Description of the task: Copy out the entries below exactly as they stand, but only from the line containing "r) P2 = f (c" through the line containing "prefers (c #".

=-=-=

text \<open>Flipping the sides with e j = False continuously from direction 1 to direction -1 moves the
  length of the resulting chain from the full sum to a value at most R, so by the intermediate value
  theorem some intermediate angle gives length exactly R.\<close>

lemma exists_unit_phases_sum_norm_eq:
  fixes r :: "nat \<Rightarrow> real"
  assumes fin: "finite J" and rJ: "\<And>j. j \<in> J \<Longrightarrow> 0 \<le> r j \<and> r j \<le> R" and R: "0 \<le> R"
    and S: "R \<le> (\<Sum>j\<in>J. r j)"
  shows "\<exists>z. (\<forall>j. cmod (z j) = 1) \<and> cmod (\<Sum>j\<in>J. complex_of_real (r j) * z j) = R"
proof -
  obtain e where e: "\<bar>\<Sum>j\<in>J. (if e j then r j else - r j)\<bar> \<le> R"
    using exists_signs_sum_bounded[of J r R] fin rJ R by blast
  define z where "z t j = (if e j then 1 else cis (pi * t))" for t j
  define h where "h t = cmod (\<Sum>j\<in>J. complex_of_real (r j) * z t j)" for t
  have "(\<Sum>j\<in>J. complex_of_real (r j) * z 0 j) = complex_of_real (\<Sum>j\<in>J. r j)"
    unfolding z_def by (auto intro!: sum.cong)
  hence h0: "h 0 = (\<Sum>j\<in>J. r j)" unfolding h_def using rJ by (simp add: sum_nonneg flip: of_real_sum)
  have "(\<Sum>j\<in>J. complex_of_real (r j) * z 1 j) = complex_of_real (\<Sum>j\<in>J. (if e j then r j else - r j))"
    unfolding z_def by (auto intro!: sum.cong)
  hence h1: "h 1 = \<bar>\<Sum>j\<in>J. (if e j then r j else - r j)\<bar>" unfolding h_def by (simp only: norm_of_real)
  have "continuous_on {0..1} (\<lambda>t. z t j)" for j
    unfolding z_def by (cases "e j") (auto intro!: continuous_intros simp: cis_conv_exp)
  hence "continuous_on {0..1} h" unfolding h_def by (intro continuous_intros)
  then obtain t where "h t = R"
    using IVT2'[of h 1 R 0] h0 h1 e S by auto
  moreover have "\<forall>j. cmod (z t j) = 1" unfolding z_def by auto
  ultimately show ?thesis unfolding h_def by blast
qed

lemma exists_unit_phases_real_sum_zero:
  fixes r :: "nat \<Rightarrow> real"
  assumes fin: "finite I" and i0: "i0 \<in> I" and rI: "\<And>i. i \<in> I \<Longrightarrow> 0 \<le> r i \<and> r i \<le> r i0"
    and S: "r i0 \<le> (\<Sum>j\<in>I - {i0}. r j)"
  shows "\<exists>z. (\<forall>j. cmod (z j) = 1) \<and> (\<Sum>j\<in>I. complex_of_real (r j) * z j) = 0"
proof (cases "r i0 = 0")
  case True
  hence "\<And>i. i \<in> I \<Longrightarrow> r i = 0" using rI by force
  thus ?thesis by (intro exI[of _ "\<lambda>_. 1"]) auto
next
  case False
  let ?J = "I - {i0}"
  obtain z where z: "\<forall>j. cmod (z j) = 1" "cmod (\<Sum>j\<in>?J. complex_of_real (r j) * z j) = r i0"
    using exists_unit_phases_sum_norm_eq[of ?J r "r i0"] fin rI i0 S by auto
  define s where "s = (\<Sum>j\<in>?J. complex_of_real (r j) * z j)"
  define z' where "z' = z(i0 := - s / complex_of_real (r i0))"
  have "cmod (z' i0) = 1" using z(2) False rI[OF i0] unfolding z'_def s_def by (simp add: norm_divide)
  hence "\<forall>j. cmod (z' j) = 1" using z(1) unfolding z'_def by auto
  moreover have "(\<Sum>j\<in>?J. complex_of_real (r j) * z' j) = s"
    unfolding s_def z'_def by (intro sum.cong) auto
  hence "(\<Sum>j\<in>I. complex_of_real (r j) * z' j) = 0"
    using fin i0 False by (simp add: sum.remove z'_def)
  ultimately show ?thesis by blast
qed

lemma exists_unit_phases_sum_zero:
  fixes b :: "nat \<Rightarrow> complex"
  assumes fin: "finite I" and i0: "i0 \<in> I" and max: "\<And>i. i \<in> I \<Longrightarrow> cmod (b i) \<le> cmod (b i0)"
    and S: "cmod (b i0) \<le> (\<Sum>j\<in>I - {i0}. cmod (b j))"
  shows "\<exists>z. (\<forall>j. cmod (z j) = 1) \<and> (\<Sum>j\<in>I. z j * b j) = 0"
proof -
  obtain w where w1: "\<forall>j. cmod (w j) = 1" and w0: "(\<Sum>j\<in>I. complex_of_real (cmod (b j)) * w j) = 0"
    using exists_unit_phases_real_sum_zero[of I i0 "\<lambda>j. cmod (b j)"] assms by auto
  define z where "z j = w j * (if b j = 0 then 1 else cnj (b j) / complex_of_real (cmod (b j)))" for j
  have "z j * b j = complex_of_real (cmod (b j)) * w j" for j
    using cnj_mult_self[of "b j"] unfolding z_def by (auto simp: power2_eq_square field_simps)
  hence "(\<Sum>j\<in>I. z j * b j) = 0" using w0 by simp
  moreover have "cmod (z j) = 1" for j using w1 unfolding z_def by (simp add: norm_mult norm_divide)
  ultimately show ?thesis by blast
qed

=-=-=

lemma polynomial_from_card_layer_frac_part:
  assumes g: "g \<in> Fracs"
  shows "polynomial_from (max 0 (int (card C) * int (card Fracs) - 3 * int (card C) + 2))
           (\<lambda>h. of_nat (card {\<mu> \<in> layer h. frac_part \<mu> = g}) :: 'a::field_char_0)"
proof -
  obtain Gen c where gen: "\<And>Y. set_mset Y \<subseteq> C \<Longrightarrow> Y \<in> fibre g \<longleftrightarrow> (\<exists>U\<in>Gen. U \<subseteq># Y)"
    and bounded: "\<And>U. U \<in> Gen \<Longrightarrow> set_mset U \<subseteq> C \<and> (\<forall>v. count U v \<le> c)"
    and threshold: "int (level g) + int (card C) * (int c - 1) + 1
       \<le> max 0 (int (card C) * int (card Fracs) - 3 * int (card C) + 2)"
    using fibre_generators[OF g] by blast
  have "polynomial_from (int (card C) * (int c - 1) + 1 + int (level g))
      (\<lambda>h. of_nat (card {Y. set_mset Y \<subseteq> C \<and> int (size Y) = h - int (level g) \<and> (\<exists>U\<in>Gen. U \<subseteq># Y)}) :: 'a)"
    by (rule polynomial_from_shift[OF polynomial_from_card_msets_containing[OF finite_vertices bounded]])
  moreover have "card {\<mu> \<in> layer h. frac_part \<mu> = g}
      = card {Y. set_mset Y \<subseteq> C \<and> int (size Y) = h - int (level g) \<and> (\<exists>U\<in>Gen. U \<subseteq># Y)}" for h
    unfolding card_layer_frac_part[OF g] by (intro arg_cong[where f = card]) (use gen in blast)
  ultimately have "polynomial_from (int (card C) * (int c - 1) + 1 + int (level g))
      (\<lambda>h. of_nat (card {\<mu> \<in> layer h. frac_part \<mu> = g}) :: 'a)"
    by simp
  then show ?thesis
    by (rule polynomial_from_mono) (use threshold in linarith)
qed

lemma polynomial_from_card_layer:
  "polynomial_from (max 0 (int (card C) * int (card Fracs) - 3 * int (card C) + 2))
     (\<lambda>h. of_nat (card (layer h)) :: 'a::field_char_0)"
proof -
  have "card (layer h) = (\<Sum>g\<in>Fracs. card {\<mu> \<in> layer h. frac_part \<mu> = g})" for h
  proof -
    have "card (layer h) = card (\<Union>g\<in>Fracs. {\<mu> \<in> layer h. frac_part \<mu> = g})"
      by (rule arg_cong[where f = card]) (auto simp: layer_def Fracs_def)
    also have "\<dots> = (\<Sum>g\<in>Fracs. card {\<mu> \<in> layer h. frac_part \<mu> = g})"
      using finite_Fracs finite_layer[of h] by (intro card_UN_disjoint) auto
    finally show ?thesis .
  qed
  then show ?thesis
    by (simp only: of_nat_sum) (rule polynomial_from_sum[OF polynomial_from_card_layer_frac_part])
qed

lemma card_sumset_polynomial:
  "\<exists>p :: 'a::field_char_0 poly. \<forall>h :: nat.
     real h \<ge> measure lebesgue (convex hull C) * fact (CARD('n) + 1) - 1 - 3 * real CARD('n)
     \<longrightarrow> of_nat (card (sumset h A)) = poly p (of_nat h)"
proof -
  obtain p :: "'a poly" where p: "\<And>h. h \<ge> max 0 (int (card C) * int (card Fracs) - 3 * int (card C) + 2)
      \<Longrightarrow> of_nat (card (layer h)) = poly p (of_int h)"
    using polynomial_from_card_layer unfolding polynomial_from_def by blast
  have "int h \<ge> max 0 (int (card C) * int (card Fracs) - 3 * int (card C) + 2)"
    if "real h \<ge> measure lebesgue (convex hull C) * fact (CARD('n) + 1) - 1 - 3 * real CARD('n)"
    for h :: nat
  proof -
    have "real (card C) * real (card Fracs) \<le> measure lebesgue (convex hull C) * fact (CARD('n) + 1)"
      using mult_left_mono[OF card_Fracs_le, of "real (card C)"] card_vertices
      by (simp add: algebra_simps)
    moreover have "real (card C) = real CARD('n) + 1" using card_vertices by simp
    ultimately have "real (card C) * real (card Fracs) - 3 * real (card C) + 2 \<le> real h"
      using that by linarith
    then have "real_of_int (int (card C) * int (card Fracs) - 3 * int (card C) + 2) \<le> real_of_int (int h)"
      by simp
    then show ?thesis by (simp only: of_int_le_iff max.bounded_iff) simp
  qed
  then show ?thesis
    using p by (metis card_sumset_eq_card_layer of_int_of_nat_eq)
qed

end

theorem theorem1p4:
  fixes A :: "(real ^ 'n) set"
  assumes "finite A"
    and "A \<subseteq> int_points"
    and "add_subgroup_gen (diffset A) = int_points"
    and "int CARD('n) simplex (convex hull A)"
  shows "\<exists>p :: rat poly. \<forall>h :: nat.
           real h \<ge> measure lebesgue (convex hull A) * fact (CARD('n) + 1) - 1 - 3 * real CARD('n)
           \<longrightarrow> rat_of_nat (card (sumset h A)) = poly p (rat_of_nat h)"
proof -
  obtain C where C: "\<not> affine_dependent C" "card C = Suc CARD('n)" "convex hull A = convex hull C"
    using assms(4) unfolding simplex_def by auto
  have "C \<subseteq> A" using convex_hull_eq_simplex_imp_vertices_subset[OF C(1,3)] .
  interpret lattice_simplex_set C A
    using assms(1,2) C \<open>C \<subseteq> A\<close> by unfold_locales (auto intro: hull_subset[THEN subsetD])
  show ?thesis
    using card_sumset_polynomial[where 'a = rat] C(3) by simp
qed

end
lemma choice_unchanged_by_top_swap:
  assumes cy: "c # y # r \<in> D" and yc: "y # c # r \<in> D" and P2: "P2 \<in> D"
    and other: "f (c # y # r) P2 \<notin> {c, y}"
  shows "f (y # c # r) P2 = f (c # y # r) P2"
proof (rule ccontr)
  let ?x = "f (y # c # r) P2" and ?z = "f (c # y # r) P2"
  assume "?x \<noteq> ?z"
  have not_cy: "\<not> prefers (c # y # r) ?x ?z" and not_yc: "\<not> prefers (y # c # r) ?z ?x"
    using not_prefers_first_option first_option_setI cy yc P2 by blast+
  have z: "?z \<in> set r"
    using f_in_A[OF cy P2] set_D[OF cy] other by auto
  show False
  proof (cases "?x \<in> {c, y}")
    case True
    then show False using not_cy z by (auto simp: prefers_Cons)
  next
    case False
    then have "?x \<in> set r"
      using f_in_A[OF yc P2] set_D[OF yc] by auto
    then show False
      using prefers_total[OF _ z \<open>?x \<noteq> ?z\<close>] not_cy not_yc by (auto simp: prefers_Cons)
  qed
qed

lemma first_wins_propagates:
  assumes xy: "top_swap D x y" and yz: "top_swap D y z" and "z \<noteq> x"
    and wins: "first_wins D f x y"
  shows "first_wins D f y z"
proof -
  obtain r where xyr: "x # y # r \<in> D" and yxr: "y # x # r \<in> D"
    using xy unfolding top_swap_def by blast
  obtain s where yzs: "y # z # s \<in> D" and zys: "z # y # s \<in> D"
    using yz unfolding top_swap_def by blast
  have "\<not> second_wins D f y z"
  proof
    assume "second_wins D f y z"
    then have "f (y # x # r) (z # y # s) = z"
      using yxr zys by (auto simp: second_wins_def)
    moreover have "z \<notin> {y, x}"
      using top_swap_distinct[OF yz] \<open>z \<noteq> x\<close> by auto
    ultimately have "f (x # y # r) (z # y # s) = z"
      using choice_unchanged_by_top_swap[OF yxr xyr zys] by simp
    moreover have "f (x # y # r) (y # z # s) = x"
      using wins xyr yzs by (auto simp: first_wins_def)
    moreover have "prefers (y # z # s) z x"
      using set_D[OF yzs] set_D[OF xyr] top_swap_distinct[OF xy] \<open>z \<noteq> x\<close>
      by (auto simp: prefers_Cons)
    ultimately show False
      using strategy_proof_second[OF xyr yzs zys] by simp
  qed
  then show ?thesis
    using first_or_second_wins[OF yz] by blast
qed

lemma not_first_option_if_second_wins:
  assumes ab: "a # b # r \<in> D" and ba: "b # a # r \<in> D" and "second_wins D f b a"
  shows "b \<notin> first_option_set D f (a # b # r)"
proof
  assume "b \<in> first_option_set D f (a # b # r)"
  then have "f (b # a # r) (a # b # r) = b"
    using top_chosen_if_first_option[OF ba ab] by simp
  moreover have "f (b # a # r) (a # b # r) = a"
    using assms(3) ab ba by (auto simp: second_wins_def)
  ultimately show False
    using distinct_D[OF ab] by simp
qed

=-=-=

Task response:
  shows "f (y # c # r) P2 = f (c # y # r) P2"
proof (rule ccontr)
  let ?x = "f (y # c # r) P2" and ?z = "f (c # y # r) P2"
  assume "?x \<noteq> ?z"
  have not_cy: "\<not> prefers (c # y # r) ?x ?z" and not_yc: "\<not> prefers (y # c # r) ?z ?x"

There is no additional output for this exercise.